**ABOUT THIS EXERCISE**
Start at the line below containing "by (metis dvd_0_right" and stop at the line containing "unfolding power_mult_distrib using". Repeat every line of that stretch exactly, and nothing outside it.

Extracted records

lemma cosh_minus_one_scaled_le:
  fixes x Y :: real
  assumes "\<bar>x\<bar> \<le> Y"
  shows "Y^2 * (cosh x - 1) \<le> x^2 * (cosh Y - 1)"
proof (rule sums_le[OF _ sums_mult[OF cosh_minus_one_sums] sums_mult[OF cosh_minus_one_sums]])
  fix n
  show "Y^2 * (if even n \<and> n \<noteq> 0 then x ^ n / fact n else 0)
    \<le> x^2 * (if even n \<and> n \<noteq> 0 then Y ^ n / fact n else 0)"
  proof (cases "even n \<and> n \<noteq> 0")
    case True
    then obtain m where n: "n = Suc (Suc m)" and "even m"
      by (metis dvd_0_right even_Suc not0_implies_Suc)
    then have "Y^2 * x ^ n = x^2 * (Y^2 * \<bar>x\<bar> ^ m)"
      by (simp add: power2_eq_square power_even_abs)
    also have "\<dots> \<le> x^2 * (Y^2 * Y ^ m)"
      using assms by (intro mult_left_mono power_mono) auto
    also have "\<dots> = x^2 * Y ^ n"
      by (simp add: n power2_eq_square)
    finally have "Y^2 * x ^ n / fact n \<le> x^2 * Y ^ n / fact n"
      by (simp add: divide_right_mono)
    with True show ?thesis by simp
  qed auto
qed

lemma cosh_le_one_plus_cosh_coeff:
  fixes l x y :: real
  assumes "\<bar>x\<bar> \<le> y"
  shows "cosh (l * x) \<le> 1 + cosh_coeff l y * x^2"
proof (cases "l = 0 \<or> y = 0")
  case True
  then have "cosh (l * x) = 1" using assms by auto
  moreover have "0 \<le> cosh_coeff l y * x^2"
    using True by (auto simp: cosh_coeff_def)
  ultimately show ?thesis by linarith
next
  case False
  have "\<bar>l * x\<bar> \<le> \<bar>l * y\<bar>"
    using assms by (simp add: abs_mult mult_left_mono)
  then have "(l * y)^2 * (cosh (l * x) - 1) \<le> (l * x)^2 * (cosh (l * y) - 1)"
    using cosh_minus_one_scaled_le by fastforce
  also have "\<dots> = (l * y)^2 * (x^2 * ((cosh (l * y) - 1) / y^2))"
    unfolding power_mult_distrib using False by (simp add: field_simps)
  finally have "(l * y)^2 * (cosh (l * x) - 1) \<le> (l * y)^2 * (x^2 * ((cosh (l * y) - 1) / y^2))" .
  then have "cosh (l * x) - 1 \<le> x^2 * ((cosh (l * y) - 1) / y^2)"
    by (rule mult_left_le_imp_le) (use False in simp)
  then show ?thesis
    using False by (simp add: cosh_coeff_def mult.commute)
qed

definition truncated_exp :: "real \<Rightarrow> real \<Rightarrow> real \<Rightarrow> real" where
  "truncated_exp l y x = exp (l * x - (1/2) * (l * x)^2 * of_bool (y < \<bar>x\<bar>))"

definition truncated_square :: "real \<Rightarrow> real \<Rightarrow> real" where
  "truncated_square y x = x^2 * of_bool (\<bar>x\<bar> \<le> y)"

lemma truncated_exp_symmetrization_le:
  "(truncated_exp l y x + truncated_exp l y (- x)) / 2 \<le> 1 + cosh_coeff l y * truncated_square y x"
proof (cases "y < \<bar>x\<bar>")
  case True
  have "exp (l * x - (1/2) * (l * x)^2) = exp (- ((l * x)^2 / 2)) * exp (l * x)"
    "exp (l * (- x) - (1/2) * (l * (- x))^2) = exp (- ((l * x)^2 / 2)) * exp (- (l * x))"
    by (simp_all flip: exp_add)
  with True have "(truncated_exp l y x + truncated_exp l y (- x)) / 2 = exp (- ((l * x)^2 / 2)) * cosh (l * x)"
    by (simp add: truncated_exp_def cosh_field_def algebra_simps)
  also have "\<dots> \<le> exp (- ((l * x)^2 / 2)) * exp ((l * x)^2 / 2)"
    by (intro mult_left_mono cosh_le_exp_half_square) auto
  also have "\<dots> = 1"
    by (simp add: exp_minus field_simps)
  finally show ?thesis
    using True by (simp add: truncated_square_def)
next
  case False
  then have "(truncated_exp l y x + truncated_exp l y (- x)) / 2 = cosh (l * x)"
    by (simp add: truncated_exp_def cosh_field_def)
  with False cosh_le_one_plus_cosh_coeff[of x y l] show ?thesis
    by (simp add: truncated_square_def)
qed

**TASK SOLUTION**
      by (metis dvd_0_right even_Suc not0_implies_Suc)
    then have "Y^2 * x ^ n = x^2 * (Y^2 * \<bar>x\<bar> ^ m)"
      by (simp add: power2_eq_square power_even_abs)
    also have "\<dots> \<le> x^2 * (Y^2 * Y ^ m)"
      using assms by (intro mult_left_mono power_mono) auto
    also have "\<dots> = x^2 * Y ^ n"
      by (simp add: n power2_eq_square)
    finally have "Y^2 * x ^ n / fact n \<le> x^2 * Y ^ n / fact n"
      by (simp add: divide_right_mono)
    with True show ?thesis by simp
  qed auto
qed

lemma cosh_le_one_plus_cosh_coeff:
  fixes l x y :: real
  assumes "\<bar>x\<bar> \<le> y"
  shows "cosh (l * x) \<le> 1 + cosh_coeff l y * x^2"
proof (cases "l = 0 \<or> y = 0")
  case True
  then have "cosh (l * x) = 1" using assms by auto
  moreover have "0 \<le> cosh_coeff l y * x^2"
    using True by (auto simp: cosh_coeff_def)
  ultimately show ?thesis by linarith
next
  case False
  have "\<bar>l * x\<bar> \<le> \<bar>l * y\<bar>"
    using assms by (simp add: abs_mult mult_left_mono)
  then have "(l * y)^2 * (cosh (l * x) - 1) \<le> (l * x)^2 * (cosh (l * y) - 1)"
    using cosh_minus_one_scaled_le by fastforce
  also have "\<dots> = (l * y)^2 * (x^2 * ((cosh (l * y) - 1) / y^2))"
    unfolding power_mult_distrib using False by (simp add: field_simps)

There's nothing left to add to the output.